What did it mean in the '50s to come to New York and work in the theater?
A lot of things to me. It meant I had reached another level of competence. I don't regret all those years I spent out of New York, because, God, I played everything -- Ephraim in Desire Under the Elms, Chris in Anna Christie, all the wonderful Coward leading men, Jack in The Importance of Being Earnest, Charley's Aunt, everything that was current. But of course, being in the theater, New York was a goal of mine. I became an actor to be a Broadway actor. People didn't go into the theater. . . I suppose they did, to become movie actors, and of course there's television, and radio is something else again.

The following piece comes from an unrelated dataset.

(* Consider the static multi-period newsvendor problem (MPNVP) with $T$ periods, described in the context, where the demands $X_1,\dots,X_T$ have a joint distribution $F$ which is continuous, and for $t=1,\dots,T$ let $\tilde F_t$ denote the CDF of $Y_t=\sum_{k=1}^t X_k$. Let $\nu\ge 0$ be a Lagrange multiplier for the budget constraint, and suppose that (1) $\nu \le \frac{b}{w_t-w_{t+1}}-1$ for all $t\in\{1,\dots,T-1\}$ (with $w_t>w_{t+1}$), and (2) $\nu \le \frac{b+p}{w_T}-1$. Then the vector $\boldsymbol q^*=(q_1^*,\dots,q_T^* )$ given by $$q_1^*=\tilde F_1^{-1}\!\left(\frac{b-(1+\nu)(w_1-w_2)}{h+b}\right),$$ $$q_t^*=\tilde F_t^{-1}\!\left(\frac{b-(1+\nu)(w_t-w_{t+1})}{h+b}\right)-\tilde F_{t-1}^{-1}\!\left(\frac{b-(1+\nu)(w_{t-1}-w_t)}{h+b}\right)\quad (2\le t\le T-1),$$ $$q_T^*=\tilde F_T^{-1}\!\left(\frac{b-(1+\nu)w_T+p}{h+b+p}\right)-\tilde F_{T-1}^{-1}\!\left(\frac{b-(1+\nu)(w_{T-1}-w_T)}{h+b}\right)$$ satisfies the KKT stationarity condition of MPNVP, i.e. $\frac{\partial}{\partial q_j}C_F(\boldsymbol q^* )+\nu w_j=0$ for all $j=1,\dots,T$.
   Context: Setting (MPNVP): there are $T$ periods $t\in\{1,\dots,T\}$. The decision is $\boldsymbol q=(q_1,\dots,q_T)$, where $q_t$ is the amount of stock delivered at the start of period $t$. The demand in period $t$ is a random variable $X_t$, with $\boldsymbol X=(X_1,\dots,X_T)$ having joint CDF $F$. Inventory evolves by $I_0=0$, $I_t=I_{t-1}+q_t-X_t$, so $I_t=\sum_{k=1}^t(q_k-X_k)$; write $I_t^+=\max\{I_t,0\}$, $I_t^-=\max\{-I_t,0\}$. Nonnegative constants: holding cost $h$, backorder cost $b$, selling price $p$ (with $h+b>0$), unit ordering costs $w_1\ge w_2\ge\dots\ge w_T>0$, and budget $W$. The expected cost is $$C_F(\boldsymbol q)=p\,\mathbb E_F[I_T^-]+\sum_{t=1}^T\Big(h\,\mathbb E_F[I_t^+]+b\,\mathbb E_F[I_t^-]+w_tq_t-p\,\mathbb E_F[X_t]\Big),$$ and MPNVP is $\min_{\boldsymbol q} C_F(\boldsymbol q)$ subject to $\sum_{t=1}^T w_tq_t\le W$ and $q_t\ge 0$ for all $t$. The Lagrangian (ignoring non-negativity constraints) is $L(\boldsymbol q,\nu)=C_F(\boldsymbol q)+\nu\left(\sum_{t=1}^T w_tq_t-W\right)$, and the stationarity condition is $\partial L/\partial q_j=0$ for all $j$. In condition (1), if $w_t=w_{t+1}$ the corresponding constraint is vacuous. *)

theory Defs
  imports "HOL-Probability.Probability"
begin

Now you cross all lines and work in radio, television, films, commercials, circuses, or whatever the hell comes along. But in those days, there were stage actors, movie actors, and radio actors. I always wanted to be a stage actor.

Once I was doing a play downtown, and I was walking up Broadway to get the subway to Fiftieth Street and Seventh Avenue. I'd pick up The New York Times at the newsstand there going home every night. One night the guy saw me coming, folded the newspaper, and threw it under my arm as I paid him. He just knew that I belonged. I don't know if he even knew I was an actor, but it was a big thrill for me. I still get goose pimples thinking about it.

When you were a young man starting out, did you think you would have this long career in show business?
Fifty-two years! I look at a mirror, and I think, "What the. . . how did you wind up here?" Life has been so random. I don't remember making a choice about anything. Things came, and I did them.

I worked at Macy's one Christmas years ago, I guess over fifty years ago. It was just for six, seven, eight weeks, something like that, but I was a very good salesman, and I had a lot of enthusiasm. I was so good that they asked me to stay on after Christmas. I had this strange feeling -- I was so glad when they got rid of me, because I might still be down there behind one of those counters.

When you started doing TV and films, did it feel like a different kind of acting?
No. It was their job to know where to point the camera and where to put the boom and where to turn the knobs, and I just did what I did. Once it's done, I don't like to look at myself, and if it's possible to avoid it, I do. I don't like that gent up there, particularly. I don't connect with him. He makes me uncomfortable when I look at him, me, up there. It's very upsetting to look at yourself -- you think, "Oh, fool, why did he do that?" Because you change your mind about it, and you never get a chance to do it again. I think that's the thing actors love about acting in the theater -- you always get a chance to atone for your sins the next night. If you continue to do it, you continue to change it.

There are a few things that I kind of think were okay, but they're rare. Jason [Robards] and I did a television show thirteen or fourteen years ago, a wonderful, gentle thing for Hallmark Hall of Fame or something called Thanksgiving Treasure. I played an old farmer who has a relationship with a young girl, Jason's daughter. I have a wonderful, wonderful death scene. I'd never seen it, but Jason has it on videocassette, and just yesterday I had a copy made. When I was at the studio, I saw less than a minute of the thing on the monitor, and there was this wonderful old actor dying -- by Jesus, he was good. And it was me.